INNER GROOVE DISTORTION


Seasons greetings! I have a VPI Prime Sig. with a Soundsmith " The Voice " cart. and am having an issue with inner groove distortion. I don't use anti-skating, just twisting the cable going to the junction box. I will be upgrading the arm to a Fatboy soon and when the tech comes to set it up we will address the issue. On some records I can't listen to the last song! Frustrating, any feedback will be appreciated. Also, have Pass XP-25, ARC Ref 3 and 75 with ML ESL11A's. Thanks.
joeyfed55

Showing 2 responses by millercarbon

Oh wait, what’s this?
I don’t use anti-skating, just twisting the cable going to the junction box.

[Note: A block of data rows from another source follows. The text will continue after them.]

(* Let $\vec{\mathcal U}_1,\vec{\mathcal U}_2,\vec{\mathcal V}_1,\vec{\mathcal V}_2\in\Upsilon$. If $\preceq_{\vec{\mathcal U}_1}=\preceq_{\vec{\mathcal U}_2}$ and $\preceq_{\vec{\mathcal V}_1}=\preceq_{\vec{\mathcal V}_2}$, then $\preceq_{\vec{\mathcal U}_1*\vec{\mathcal V}_1}=\preceq_{\vec{\mathcal U}_2*\vec{\mathcal V}_2}$.
   Context: $L$ is a propositional language built from a finite set of propositional variables with the connectives $\neg,\wedge,\vee,\rightarrow,\top,\bot$; $W$ is the finite set of propositional worlds. For $\theta\in L$, $S_\theta=\{w\in W\mid w\models\theta\}$. Sequences: finite sequences $\vec{\mathcal U}=(\mathcal U_0,\ldots,\mathcal U_k)$ ($k\ge0$) of mutually disjoint subsets of $W$ (components may be empty, possibly repeatedly). $\mathrm{rank}^{\vec{\mathcal U}}(\theta)$ is the least $i$ with $\mathcal U_i\cap S_\theta\neq\emptyset$, and $\infty$ if none (with $i<\infty$ for every integer $i$). $\theta\mid\!\sim_{\vec{\mathcal U}}\phi$ iff either $\mathrm{rank}^{\vec{\mathcal U}}(\theta)<\mathrm{rank}^{\vec{\mathcal U}}(\theta\wedge\neg\phi)$ or $\mathrm{rank}^{\vec{\mathcal U}}(\theta)=\infty$. $\vec{\mathcal U}$ is full iff $\bigcup_i\mathcal U_i=W$, empty iff $\bigcup_i\mathcal U_i=\emptyset$; $\Upsilon$ is the set of such sequences which are full or empty. For $\vec{\mathcal U}\in\Upsilon$, $\theta\preceq_{\vec{\mathcal U}}\phi$ iff (not $\neg\theta\vee\neg\phi\mid\!\sim_{\vec{\mathcal U}}\theta$) or $\neg\phi\mid\!\sim_{\vec{\mathcal U}}\bot$. Sequence revision $*:\Upsilon\times\Upsilon\to\Upsilon$: for $\vec{\mathcal U}=(\mathcal U_0,\ldots,\mathcal U_k)$ and $\vec{\mathcal V}=(\mathcal V_0,\ldots,\mathcal V_m)$, if $\vec{\mathcal U}$ is full then $\vec{\mathcal U}*\vec{\mathcal V}=(\mathcal U_0\cap\mathcal V_0,\ldots,\mathcal U_k\cap\mathcal V_0,\ \mathcal U_0\cap\mathcal V_1,\ldots,\mathcal U_k\cap\mathcal V_1,\ \ldots,\ \mathcal U_0\cap\mathcal V_m,\ldots,\mathcal U_k\cap\mathcal V_m)$; otherwise $\vec{\mathcal U}*\vec{\mathcal V}=\vec{\mathcal V}$. *)

theory Defs
  imports Main "HOL-Library.Extended_Nat"
begin

datatype 'v form =
    Var 'v | Neg "'v form" | Conj "'v form" "'v form" | Disj "'v form" "'v form"
  | Imp "'v form" "'v form" | Top | Bot

text \<open>A world is the set of variables true in it; W is the set of all worlds (UNIV).\<close>
type_synonym 'v world = "'v set"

Actually knew that was there but only just now decided to use it. Classic example of why however good VPI are I’d never recommend one for the arm. Twisted wires. Sheesh!

So what happens is as the arm swings closer to the center the torque on the wire increases and this means a VPI arm will always have more anti-skate at the inside than at the outside. Its never right and anti-skate usually isn’t all that particular anyway (watch Lederman, explains beautifully why it is at best an average or trade-off) but still, twisted wires, I mean come on!

So odds are your twisted wires are twisted okay for the outside but too much for the inside. If this is the case then it will be the inside or Left channel that’s distorting the most.

Leavenworth Bulls Tooth. The porter, I mean.
Forty years ago at WSU my stereo skills were known so far and wide I had strangers calling me up for advice. Usually a few questions and boom problem solved. One time though I was thirsty, I can fix it, for a beer. When I already knew the fix. And so, walk in, where's my beer? Thanks! Quaff. Flick. Wow sounds great you're amazing here's another beer! (The half-life of a beer at WSU back then was in the milliseconds.)

So of course these things can be diagnosed and fixed at a distance. Its the beer delivery where things get a bit tricky.

But as for the "problem" the L channel information is on the left, R is right. I'm talking the groove as seen facing the turntable. So if the L is breaking up its bouncing off the inner side from too much anti-skating, so dial it back. If the R is breaking up its the other way around. And if BOTH are distorting then its nothing to do with skating, anti or otherwise, its the cartridge body is rotated too much one way or the other on the vertical axis, otherwise known as zenith. In that case go back to your Baerwald and fix the alignment problem.

Now, please PM me for delivery instructions. And make it a porter.